Зато уверовавшие в спасение отпускники обессиленно попадали на камни у своих машин. Вытирая пот с лиц, подняли глаза в чистое, свободное даже от орлов, небо.

Но не от боевиков.

Они смотрели на пограничников с гребня скалы, и мгновенно все вспомнили, что оружие – только у Пашки и Сашки. Тем для стрельбы хватило бы секунды, но флажки, тонкие пластинки предохранителя, поставлены вверх! А это еще одна секунда. Страшно много, когда тебя самого держат на мушке, не давая пошевелиться.

Эх, командир.

Тринадцатое.

Пятница!

Разбив тишину и сердца пленников грохотом, упал скатившийся с гребня камешек. Не желая быть свидетелем расстрела, медленно, не привлекая к себе внимания, присело за вершину соседней горы солнце. В небе остались только перекрестившиеся взгляды боевиков и пограничников. И расстояния меж ними было как от православной часовенки до мусульманской мечети, которую они подняли из руин.

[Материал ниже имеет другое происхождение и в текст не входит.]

lemma endo_coord_eq:
  assumes x: "x \<in> H" and y: "y \<in> H" and p: "prime p" and xy: "x p = y p"
  shows "f x p = f y p"
proof -
  \<comment> \<open>\<open>y\<close> raised to the power \<open>p - 1\<close> acts as the inverse of \<open>y\<close> in the coordinate \<open>p\<close>\<close>
  have coord_p: "(u \<otimes>\<^bsub>primeProd\<^esub> coord_mult (\<lambda>_. int (p - 1)) v) p = (u p - v p) mod int p"
    for u v
  proof -
    have "(u \<otimes>\<^bsub>primeProd\<^esub> coord_mult (\<lambda>_. int (p - 1)) v) p = (u p + int (p - 1) * v p) mod int p"
      using p by (simp add: mult_primeProd coord_mult_def mod_add_right_eq)
    then show ?thesis
      by (simp only: mod_add_pred_mult[OF prime_gt_0_nat[OF p]])
  qed
  define w where "w = x \<otimes>\<^bsub>primeProd\<^esub> coord_mult (\<lambda>_. int (p - 1)) y"
  have w: "w \<in> H"
    unfolding w_def using x y coord_mult_closed subgroup.m_closed[OF subgroup_primeProd] by simp
  have "w p = 0"
    using coord_p[of x y] xy by (simp add: w_def)
  then have "f w p = 0"
    by (rule endo_coord_vanishes[OF w p])
  moreover have "f w = f x \<otimes>\<^bsub>primeProd\<^esub> coord_mult (\<lambda>_. int (p - 1)) (f y)"
    unfolding w_def using x y coord_mult_closed by (simp add: endo_mult endo_coord_mult_nat)
  ultimately have "(f x p - f y p) mod int p = 0"
    using coord_p by simp
  then have "[f x p = f y p] (mod int p)"
    by (simp add: cong_iff_dvd_diff dvd_eq_mod_eq_0)
  then show ?thesis
    using coord_mod_primeProd endo_closed x y p subset_carrier by (metis cong_def subsetD)
qed

lemma endo_eq_coord_mult:
  assumes x: "x \<in> H"
  shows "f x = coord_mult (\<lambda>p. f (unit_vector p) p) x"
proof (rule primeProd_eqI[OF _ coord_mult_in_carrier])
  show "f x \<in> carrier primeProd"
    using endo_closed x subset_carrier by blast
  fix p :: nat assume p: "prime p"
  define u where "u = coord_mult (\<lambda>_. int (nat (x p))) (unit_vector p)"
  have u: "u \<in> H"
    unfolding u_def by (rule coord_mult_closed[OF unit_vector_mem[OF p]])
  have "u p = x p"
    using p coord_mod_primeProd[of x p] x subset_carrier
    by (auto simp: u_def coord_mult_def unit_vector_def carrier_primeProd PiE_iff)
  then have "f x p = f u p"
    using endo_coord_eq[OF x u p] by simp
  also have "f u = coord_mult (\<lambda>_. int (nat (x p))) (f (unit_vector p))"
    unfolding u_def by (rule endo_coord_mult_nat[OF unit_vector_mem[OF p]])
  then have "f u p = (x p * f (unit_vector p) p) mod int p"
    using p x subset_carrier by (auto simp: coord_mult_def carrier_primeProd PiE_iff)
  finally show "[f x p = coord_mult (\<lambda>p. f (unit_vector p) p) x p] (mod int p)"
    using p by (simp add: coord_mult_def mult.commute)
qed

end

theorem strongly_coHopfian: "strongly_coHopfian (primeProd\<lparr>carrier := H\<rparr>)"
  unfolding strongly_coHopfian_def
proof
  fix f assume f: "f \<in> hom (primeProd\<lparr>carrier := H\<rparr>) (primeProd\<lparr>carrier := H\<rparr>)"
  define c where "c = (\<lambda>p. f (unit_vector p) p)"
  have "f ` H \<subseteq> f ` f ` H"
  proof
    fix y assume "y \<in> f ` H"
    then obtain x where x: "x \<in> H" "y = f x"
      by blast
    \<comment> \<open>\<open>c p ^ (p - 2)\<close> inverts \<open>c p\<close> modulo \<open>p\<close> unless \<open>p\<close> divides \<open>c p\<close>\<close>
    define x' where "x' = coord_mult (\<lambda>p. c p ^ (p - 2)) x"
    have x': "x' \<in> H"
      unfolding x'_def using x(1) by (rule coord_mult_closed)
    have "f (f x') = coord_mult (\<lambda>p. c p * (c p * c p ^ (p - 2))) x"
      using x' endo_closed[OF f x'] coord_mult_closed
      by (simp add: endo_eq_coord_mult[OF f] x'_def c_def coord_mult_coord_mult)
    also have "\<dots> = coord_mult c x"
      by (rule coord_mult_cong)
      (simp only: mult_power_diff_two[OF prime_ge_2_nat] mult_power_pred[OF prime_gt_0_nat]
        fermat_little_int)
    also have "\<dots> = y"
      using x by (simp add: endo_eq_coord_mult[OF f] c_def)
    finally show "y \<in> f ` f ` H"
      using x' by blast
  qed
  moreover have "f ` f ` H \<subseteq> f ` H"
    using endo_closed[OF f] by blast
  ultimately show "\<exists>n. (f ^^ n) ` carrier (primeProd\<lparr>carrier := H\<rparr>)
                      = (f ^^ Suc n) ` carrier (primeProd\<lparr>carrier := H\<rparr>)"
    by (intro exI[of _ 1]) (simp add: image_comp)
qed

end

lemma strongly_coHopfian_primeProd: "strongly_coHopfian primeProd"
proof -
  interpret coord_ideal "carrier primeProd"
    by (rule coord_ideal.intro)
      (simp_all add: group.subgroup_self[OF group_primeProd] coord_mult_in_carrier unit_vector_in_carrier)
  show ?thesis
    using strongly_coHopfian by simp
qed

lemma carrier_primeSum: "carrier primeSum = {x \<in> carrier primeProd. finite {p. prime p \<and> x p \<noteq> 0}}"
  by (simp add: primeSum_def primeProd_def carrier_sum_group)

lemma subgroup_primeSum: "subgroup (carrier primeSum) primeProd"
  using subgroup_sum_group[of primes integer_mod_group]
  by (simp add: primeSum_def primeProd_def carrier_sum_group)

lemma strongly_coHopfian_primeSum: "strongly_coHopfian primeSum"
proof -
  have support_mono: "x \<in> carrier primeSum"
    if "y \<in> carrier primeSum" "x \<in> carrier primeProd" "\<And>p. prime p \<Longrightarrow> y p = 0 \<Longrightarrow> x p = 0"
    for x y
  proof -
    have "{p. prime p \<and> x p \<noteq> 0} \<subseteq> {p. prime p \<and> y p \<noteq> 0}"
      using that(3) by blast
    then show ?thesis
      using that(1,2) finite_subset by (auto simp: carrier_primeSum)
  qed
  interpret coord_ideal "carrier primeSum"
  proof (rule coord_ideal.intro)
    show "subgroup (carrier primeSum) primeProd"
      by (rule subgroup_primeSum)
    show "coord_mult a x \<in> carrier primeSum" if "x \<in> carrier primeSum" for a x
      by (rule support_mono[OF that coord_mult_in_carrier]) (simp add: coord_mult_def)
    show "unit_vector p \<in> carrier primeSum" if "prime p" for p
    proof -
      have "{q. prime q \<and> unit_vector p q \<noteq> 0} \<subseteq> {p}"
        by (auto simp: unit_vector_def)
      then show ?thesis
        using unit_vector_in_carrier finite_subset by (auto simp: carrier_primeSum)
    qed
  qed
  have "primeSum = primeProd\<lparr>carrier := carrier primeSum\<rparr>"
    by (simp add: primeSum_def primeProd_def sum_group_def subgroup_generated_def)
  then show ?thesis
    using strongly_coHopfian by simp
qed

Но сумел, сумел по миллиметру, сдирая о камни кожу с рук, дотянуться Сашка до подсумка с гранатами. Все! Теперь он спасен. Только однажды он видел пленных. Точнее, их изувеченные, с проткнутыми шомполом ушами, отрезанными носами, тела. А он не дастся. Успеть подорвать себя – невероятное счастье, редкая удача для солдата. Спасение от плена…

Со скалы прогремел камнепад – скатилась тонкая струйка песка в ореоле бархатной пыли. Этого мгновения хватило Сашке, чтобы дернуть руку из-под себя. Вроде как занемела, вроде отлежал ее, а на самом деле вырвал чеку в «лимонке» – тонкие такие усики-проволочку, просунутые через отверстие в запале. И получила свободу пружина с бойком. И на пути у них теперь только одна преграда – нежнейший, не признающий малейшего к себе прикосновения, нарциссом красующийся от своей значимости капсюль. За которым – пороховой заряд. И мощи в этой идеально красивой солдатской игрушке, специально ребристой для увеличения числа осколков, вполне хватит, чтобы оставить тысячи автографов на скале, спасшей солдат от падения вниз. Спугнуть орла, не ведающего страха. И мягко, себе в охотку, потому как для этого и предназначалась, искромсать людишек, в эти игрушки играющих.

Жалко себя Сашке. И дом родной вспомнился с новой верандой, и вместе с этим воспоминанием вдруг испугался, осознавая, как плохо они с батей поставили в ней дверь – не по центру, а сбоку. Старались, чтобы не заметал снег и чужие кошки прямо с улицы не забегали в сени. Но теперь, когда будут выносить его гроб из хаты, намаются крутиться. Надо было делать выход прямо…

Тишина после камнепада стояла оглушительная, до звона несуществующих здесь кузнечиков. И боялся Сашка уже другого – что пальцы и впрямь онемеют и разожмутся прежде, чем подойдут боевики. Погибать одному, без врагов, на войне тоже почему-то считается глупо…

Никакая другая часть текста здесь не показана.